What the exercise asks: Read the data that follows. Then repeat it exactly.

####

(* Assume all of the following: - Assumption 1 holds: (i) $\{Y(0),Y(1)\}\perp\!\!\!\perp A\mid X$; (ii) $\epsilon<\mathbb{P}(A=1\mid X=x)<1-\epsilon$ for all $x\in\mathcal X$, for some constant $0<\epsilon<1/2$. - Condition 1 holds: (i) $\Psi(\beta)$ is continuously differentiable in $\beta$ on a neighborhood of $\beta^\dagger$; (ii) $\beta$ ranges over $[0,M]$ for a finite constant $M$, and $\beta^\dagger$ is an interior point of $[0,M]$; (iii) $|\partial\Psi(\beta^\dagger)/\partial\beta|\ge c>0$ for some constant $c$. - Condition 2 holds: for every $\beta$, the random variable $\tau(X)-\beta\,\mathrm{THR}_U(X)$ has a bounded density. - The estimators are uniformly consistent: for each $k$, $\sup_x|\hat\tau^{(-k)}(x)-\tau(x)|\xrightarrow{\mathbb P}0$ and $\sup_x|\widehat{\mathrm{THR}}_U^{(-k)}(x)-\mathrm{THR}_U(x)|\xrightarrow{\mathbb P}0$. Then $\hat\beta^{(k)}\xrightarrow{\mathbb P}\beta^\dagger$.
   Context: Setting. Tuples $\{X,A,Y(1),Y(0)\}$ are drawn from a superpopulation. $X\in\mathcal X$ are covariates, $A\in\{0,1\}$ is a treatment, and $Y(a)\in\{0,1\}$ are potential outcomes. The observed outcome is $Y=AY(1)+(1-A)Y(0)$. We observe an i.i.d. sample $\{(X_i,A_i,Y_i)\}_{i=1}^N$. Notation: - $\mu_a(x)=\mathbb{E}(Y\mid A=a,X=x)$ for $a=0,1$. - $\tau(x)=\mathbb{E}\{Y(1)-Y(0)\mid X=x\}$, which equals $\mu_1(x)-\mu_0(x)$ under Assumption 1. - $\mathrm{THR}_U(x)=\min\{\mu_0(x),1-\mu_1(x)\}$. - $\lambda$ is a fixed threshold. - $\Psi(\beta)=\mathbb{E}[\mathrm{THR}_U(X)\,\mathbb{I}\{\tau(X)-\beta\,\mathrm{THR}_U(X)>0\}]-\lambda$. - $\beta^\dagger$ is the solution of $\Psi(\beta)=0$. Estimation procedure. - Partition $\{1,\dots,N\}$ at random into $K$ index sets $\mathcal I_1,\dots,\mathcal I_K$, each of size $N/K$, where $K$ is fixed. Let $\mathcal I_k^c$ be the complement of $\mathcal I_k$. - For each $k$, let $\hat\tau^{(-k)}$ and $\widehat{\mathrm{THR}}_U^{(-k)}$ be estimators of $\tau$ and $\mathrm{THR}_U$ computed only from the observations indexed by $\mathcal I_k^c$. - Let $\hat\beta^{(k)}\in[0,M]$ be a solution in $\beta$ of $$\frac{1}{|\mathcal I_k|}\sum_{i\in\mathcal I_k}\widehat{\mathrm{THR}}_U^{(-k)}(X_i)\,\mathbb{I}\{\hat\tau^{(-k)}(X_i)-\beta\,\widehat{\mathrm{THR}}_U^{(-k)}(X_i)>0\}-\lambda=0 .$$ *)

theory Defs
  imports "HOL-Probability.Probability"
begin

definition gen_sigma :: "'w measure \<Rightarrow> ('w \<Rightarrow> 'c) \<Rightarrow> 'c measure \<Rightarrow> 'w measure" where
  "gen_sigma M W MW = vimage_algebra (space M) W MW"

####

Your response:
(* Assume all of the following: - Assumption 1 holds: (i) $\{Y(0),Y(1)\}\perp\!\!\!\perp A\mid X$; (ii) $\epsilon<\mathbb{P}(A=1\mid X=x)<1-\epsilon$ for all $x\in\mathcal X$, for some constant $0<\epsilon<1/2$. - Condition 1 holds: (i) $\Psi(\beta)$ is continuously differentiable in $\beta$ on a neighborhood of $\beta^\dagger$; (ii) $\beta$ ranges over $[0,M]$ for a finite constant $M$, and $\beta^\dagger$ is an interior point of $[0,M]$; (iii) $|\partial\Psi(\beta^\dagger)/\partial\beta|\ge c>0$ for some constant $c$. - Condition 2 holds: for every $\beta$, the random variable $\tau(X)-\beta\,\mathrm{THR}_U(X)$ has a bounded density. - The estimators are uniformly consistent: for each $k$, $\sup_x|\hat\tau^{(-k)}(x)-\tau(x)|\xrightarrow{\mathbb P}0$ and $\sup_x|\widehat{\mathrm{THR}}_U^{(-k)}(x)-\mathrm{THR}_U(x)|\xrightarrow{\mathbb P}0$. Then $\hat\beta^{(k)}\xrightarrow{\mathbb P}\beta^\dagger$.
   Context: Setting. Tuples $\{X,A,Y(1),Y(0)\}$ are drawn from a superpopulation. $X\in\mathcal X$ are covariates, $A\in\{0,1\}$ is a treatment, and $Y(a)\in\{0,1\}$ are potential outcomes. The observed outcome is $Y=AY(1)+(1-A)Y(0)$. We observe an i.i.d. sample $\{(X_i,A_i,Y_i)\}_{i=1}^N$. Notation: - $\mu_a(x)=\mathbb{E}(Y\mid A=a,X=x)$ for $a=0,1$. - $\tau(x)=\mathbb{E}\{Y(1)-Y(0)\mid X=x\}$, which equals $\mu_1(x)-\mu_0(x)$ under Assumption 1. - $\mathrm{THR}_U(x)=\min\{\mu_0(x),1-\mu_1(x)\}$. - $\lambda$ is a fixed threshold. - $\Psi(\beta)=\mathbb{E}[\mathrm{THR}_U(X)\,\mathbb{I}\{\tau(X)-\beta\,\mathrm{THR}_U(X)>0\}]-\lambda$. - $\beta^\dagger$ is the solution of $\Psi(\beta)=0$. Estimation procedure. - Partition $\{1,\dots,N\}$ at random into $K$ index sets $\mathcal I_1,\dots,\mathcal I_K$, each of size $N/K$, where $K$ is fixed. Let $\mathcal I_k^c$ be the complement of $\mathcal I_k$. - For each $k$, let $\hat\tau^{(-k)}$ and $\widehat{\mathrm{THR}}_U^{(-k)}$ be estimators of $\tau$ and $\mathrm{THR}_U$ computed only from the observations indexed by $\mathcal I_k^c$. - Let $\hat\beta^{(k)}\in[0,M]$ be a solution in $\beta$ of $$\frac{1}{|\mathcal I_k|}\sum_{i\in\mathcal I_k}\widehat{\mathrm{THR}}_U^{(-k)}(X_i)\,\mathbb{I}\{\hat\tau^{(-k)}(X_i)-\beta\,\widehat{\mathrm{THR}}_U^{(-k)}(X_i)>0\}-\lambda=0 .$$ *)

theory Defs
  imports "HOL-Probability.Probability"
begin

definition gen_sigma :: "'w measure \<Rightarrow> ('w \<Rightarrow> 'c) \<Rightarrow> 'c measure \<Rightarrow> 'w measure" where
  "gen_sigma M W MW = vimage_algebra (space M) W MW"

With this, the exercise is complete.